Do you know an outstanding local journalist? We hope you will nominate her/him for one of the four local awards we are doing this year (two of them are new gala awards!).

The 2013 SPJ Gala Awards are Journalist of the Year Award, New Journalist of the Year Award, June Anderson Almquist Lifetime Achievement Award and Susan Hutchison Bosch Award for perseverance and quiet courage. Journalists don’t always get the recognition they deserve, so please help us honor the best professionals in our industry. Deadline for nominations is Monday, April 29.

Criteria:

Journalist of the Year Award: This award will go to a local journalist who has made an impact both externally (with the public) and internally. Any journalist can win this award – from a copy editor or page designer to an editor or producer to a writer or photographer to a single-person running an online site. The nominator must demonstrate to us that this person has had a standout year. Please be as specific as possible.

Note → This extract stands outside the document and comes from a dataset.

(* Let $\mathsf{X}$ be a finite connected graph with no tails and with $l$ ramified vertices, having a segment decomposition with segments $\mathsf{S}^1,\dots,\mathsf{S}^k$, $\mathsf{S}^i$ having $t_i$ ramified vertices. Let $\mathsf{X}_n$ be the $n$-th layer of a $\mathbb{Z}_p$-cover of $\mathsf{X}$ (given by an arbitrary voltage assignment) such that all ramified vertices are totally ramified, and let $\mathsf{S}^i_n$ be the preimage of $\mathsf{S}^i$ in $\mathsf{X}_n$. Then \[\kappa(\mathsf{X}_n)=\sum_{I\ \text{admissible}}\ \prod_{i\in I}\kappa(\mathsf{S}^i_n)\prod_{i\notin I}F_{t_i}(\mathsf{S}^i_n).\]
   Context: Graphs are finite and undirected, possibly with multiple edges and loops; $\kappa$ = number of spanning trees. Tails, admissible paths, segment decompositions: a tail is an unramified vertex with exactly one neighbour joined by exactly one edge; an admissible path between ramified $v,v'$ has all intermediate vertices unramified. Admissible paths between distinct ramified vertices sharing an edge are grouped together; a decomposition requires each group to join one pair of ramified vertices, and groups give the 2-segments; the remaining edges lie on admissible closed paths at a single ramified vertex outside the 2-segments, grouped likewise into 1-segments; segments are edge-disjoint, share no unramified vertex and cover $\mathsf{X}$. $F_t(\mathsf{S})$ ($t\in\{1,2\}$) is the number of spanning forests of $\mathsf{S}$ with $t$ trees each containing exactly one ramified vertex (in $\mathsf{S}^i_n$ the ramified vertices are the unique preimages of those of $\mathsf{S}^i$). A subset $I$ of the indices of 2-segments with $|I|=l-1$ is admissible if there is a spanning tree $\mathsf{T}$ of $\mathsf{X}$ such that $\mathsf{T}\cap\mathsf{S}^i$ is a spanning tree of $\mathsf{S}^i$ for all $i\in I$. Tower: $\Gamma\cong\mathbb{Z}_p$, $\Gamma_n=\Gamma/\Gamma^{p^n}$; voltage assignment $\alpha$ from directed edges to $\Gamma$ with $\alpha(\bar e)=\alpha(e)^{-1}$; closed subgroups $I_v$ with $I_v=\Gamma$ for ramified $v$ and $I_v=1$ otherwise; $\mathsf{X}_n$ has vertices $\bigsqcup_v\{v\}\times\Gamma_n/\pi_n(I_v)$ and directed edges $\mathbf{E}(\mathsf{X})\times\Gamma_n$, $(e,g)$ joining $(o(e),g\pi_n(I_{o(e)}))$ to $(t(e),g\pi_n(\alpha(e))\pi_n(I_{t(e)}))$; all $\mathsf{X}_n$ connected. *)

theory Defs
  imports Main "HOL-Computational_Algebra.Primes"
begin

New Journalist of the Year Award:  This award will go to an outstanding journalist who has only been full-time for three years or less. It’s not easy being the “newbie” and sometimes you don’t get the most glorious assignments. This award is to honor those new journalists who take on tasks, no matter what they are, with enthusiasm and determination.

June Anderson Almquist Lifetime Achievement Award: In the late 1960s, the SPJ Western Washington Chapter established the “Courage in Journalism” and “Service to Journalism” awards to honor organizations and individuals for special contributions toward the betterment of journalism within Washington state. They were later combined into one under the moniker of the “Distinguished Service to Journalism Award.” The board renamed the award the “June Anderson Almquist Award for Distinguished Service to Journalism,” following the trailblazing Seattle Times journalist’s death in 2000.

Susan Hutchison Bosch Award: Susan Hutchison Bosch, an environmental affairs reporter for the Seattle P-I, contracted lymphoma at the age of 18 while a student at the University of Washington and died of Hodgkin’s disease at the age of 25 in 1971. Bosch “personified intellectual honesty, deep understanding of people and their problems, abiding fairness, grace, perseverance and quiet courage,” according to the board that established this award in her honor. “Though afflicted with Hodgkin’s disease, she rejected despair and chose to live a fully committed life.” The award is presented only when the recipient is judged uniquely qualified and his or her work reflects the qualities Bosch defined in life.